(397e) Enhanced DNA Segmental Dynamics in Nanofluidic Channels
AIChE Annual Meeting
Tuesday, November 5, 2013 - 6:00pm to 8:00pm
Investigations of DNA molecules in strongly confined environments depend on the increased DNA bending stiffness due to spatial restrictions. We examine DNA molecules in nanofluidic devices using multi-scale computational models and how confinement causes non-monotonic change in DNA conformation, correlation lengths, and the segmental relaxation. Classical theories of deGennes and Odijk predict increased polymer relaxation time and polymer size in confinement with dimensions smaller than the radius of gyration. When the confinement dimensions become smaller than the polymer persistence length, the segmental correlation length conforms to the confinement geometry, leading to enhanced correlation lengths in the unconfined dimension but shortened correlation length in the confined dimension.

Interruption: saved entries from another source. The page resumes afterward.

(* Let $\mathcal H$ be a separable complex Hilbert space, $A\in L(\mathcal H)^+$, $B\in L(\mathcal H)$ with closed range, and $\mathcal M$ a closed subspace such that $B(\mathcal M)$ is closed. Then $B$ admits an $A$-inverse restricted to $\mathcal M$ if and only if the pair $(A,B(\mathcal M))$ is compatible.
   Context: $\|z\|_A=\langle Az,z\rangle^{1/2}$. $G\in L(\mathcal H)$ is an $A$-inverse of $B$ restricted to $\mathcal M$ if $R(G)\subseteq\mathcal M$ and for each $y\in\mathcal H$, $\|y-BGy\|_A\le\|y-Bx\|_A$ for all $x\in\mathcal M$. $(A,\mathcal S)$ is compatible if there exists $Q\in L(\mathcal H)$ with $Q^2=Q$, $R(Q)=\mathcal S$, $AQ=Q^*A$. *)

theory Defs
  imports "HOL-Analysis.Analysis" "HOL-Library.Complex_Order"
begin

class complex_vector_normed = real_normed_vector +
  fixes scaleC :: "complex \<Rightarrow> 'a \<Rightarrow> 'a"  (infixr \<open>*\<^sub>C\<close> 75)
  assumes scaleC_add_right: "a *\<^sub>C (x + y) = a *\<^sub>C x + a *\<^sub>C y"
    and scaleC_add_left: "(a + b) *\<^sub>C x = a *\<^sub>C x + b *\<^sub>C x"
    and scaleC_scaleC: "a *\<^sub>C (b *\<^sub>C x) = (a * b) *\<^sub>C x"
    and scaleC_one: "1 *\<^sub>C x = x"
    and scaleR_scaleC: "scaleR r x = complex_of_real r *\<^sub>C x"

class complex_inner_space = complex_vector_normed +
  fixes cinner :: "'a \<Rightarrow> 'a \<Rightarrow> complex"
  assumes cinner_conj: "cinner x y = cnj (cinner y x)"
    and cinner_add_left: "cinner (x + y) z = cinner x z + cinner y z"
    and cinner_scaleC_left: "cinner (a *\<^sub>C x) y = a * cinner x y"
    and cinner_ge_zero: "0 \<le> cinner x x"
    and cinner_eq_zero_iff: "cinner x x = 0 \<longleftrightarrow> x = 0"
    and norm_eq_sqrt_cinner: "norm x = sqrt (Re (cinner x x))"

class chilbert_space = complex_inner_space + complete_space

definition separable_space :: "'a::topological_space itself \<Rightarrow> bool" where
  "separable_space _ \<longleftrightarrow> (\<exists>D::'a set. countable D \<and> closure D = UNIV)"

definition bounded_clinear :: "('a::complex_vector_normed \<Rightarrow> 'b::complex_vector_normed) \<Rightarrow> bool" where
  "bounded_clinear T \<longleftrightarrow>
     (\<forall>x y. T (x + y) = T x + T y) \<and> (\<forall>a x. T (a *\<^sub>C x) = a *\<^sub>C T x) \<and>
     (\<exists>K. \<forall>x. norm (T x) \<le> norm x * K)"

definition closed_csubspace :: "'a::complex_vector_normed set \<Rightarrow> bool" where
  "closed_csubspace M \<longleftrightarrow> 0 \<in> M \<and> (\<forall>x\<in>M. \<forall>y\<in>M. x + y \<in> M) \<and>
     (\<forall>a. \<forall>x\<in>M. a *\<^sub>C x \<in> M) \<and> closed M"

definition adj :: "('a::complex_inner_space \<Rightarrow> 'a) \<Rightarrow> ('a \<Rightarrow> 'a)" where
  "adj T = (THE S. \<forall>x y. cinner (S x) y = cinner x (T y))"

definition positive_op :: "('a::complex_inner_space \<Rightarrow> 'a) \<Rightarrow> bool" where
  "positive_op A \<longleftrightarrow> bounded_clinear A \<and> (\<forall>x. 0 \<le> cinner (A x) x)"

definition normA :: "('a::complex_inner_space \<Rightarrow> 'a) \<Rightarrow> 'a \<Rightarrow> real" where
  "normA A z = sqrt (Re (cinner (A z) z))"

definition is_A_inverse_restricted ::
  "('a::complex_inner_space \<Rightarrow> 'a) \<Rightarrow> ('a \<Rightarrow> 'a) \<Rightarrow> 'a set \<Rightarrow> ('a \<Rightarrow> 'a) \<Rightarrow> bool" where
  "is_A_inverse_restricted A B M G \<longleftrightarrow> bounded_clinear G \<and> range G \<subseteq> M \<and>
     (\<forall>y. \<forall>x\<in>M. normA A (y - B (G y)) \<le> normA A (y - B x))"

definition compatible :: "('a::complex_inner_space \<Rightarrow> 'a) \<Rightarrow> 'a set \<Rightarrow> bool" where
  "compatible A S \<longleftrightarrow> (\<exists>Q. bounded_clinear Q \<and> Q \<circ> Q = Q \<and> range Q = S \<and>
     A \<circ> Q = adj Q \<circ> A)"

end

theory Submission
  imports Defs
begin

text \<open>
  Write \<open>S = B(M)\<close>, a closed subspace. If \<open>G\<close> is an \<open>A\<close>-inverse, the first-order condition
  for the minimum of the \<open>A\<close>-seminorm says that every residual \<open>y - BGy\<close> is \<open>A\<close>-orthogonal
  to \<open>S\<close>. Hence \<open>P = BG\<close> satisfies \<open>AP = A\<close> on \<open>S\<close>, and \<open>Q = E + P(I - E)\<close>, with \<open>E\<close> the
  orthogonal projection onto \<open>S\<close>, is an idempotent onto \<open>S\<close> with \<open>AQ = AP = Q\<^sup>*A\<close>.
  Conversely, if \<open>Q\<close> is an idempotent onto \<open>S\<close> with \<open>AQ = Q\<^sup>*A\<close>, the residual \<open>y - Qy\<close> is
  \<open>A\<close>-orthogonal to \<open>S\<close>, so \<open>Qy\<close> is an \<open>A\<close>-nearest point of \<open>S\<close> to \<open>y\<close>; composing \<open>Q\<close> with a
  bounded right inverse \<open>S \<rightarrow> M\<close> of \<open>B\<close>, which exists by the open mapping theorem, gives the
  \<open>A\<close>-inverse.
\<close>

lemma scaleC_zero_left [simp]: "(0::complex) *\<^sub>C x = 0"
proof -
  have "0 *\<^sub>C x = 0 *\<^sub>C x + 0 *\<^sub>C x"
    by (metis add_0 scaleC_add_left)
  then show ?thesis by simp
qed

We report the segmental relaxation times and correlation lengths in nano-confinements of height H, from H larger than the polymer radius of gyration Rg to smaller than the polymer persistence length P. A non-monotonic transition in the DNA relaxation time is observed in nanochannels, as found in previous experimental observations . In contrast, no qualitative change of the segmental dynamics is observed in nanoslits [2,3]. The change in DNA correlation length is also characterized in semi-dilute and dense solutions, with implications for the mechanical properties for glass formation in thin films.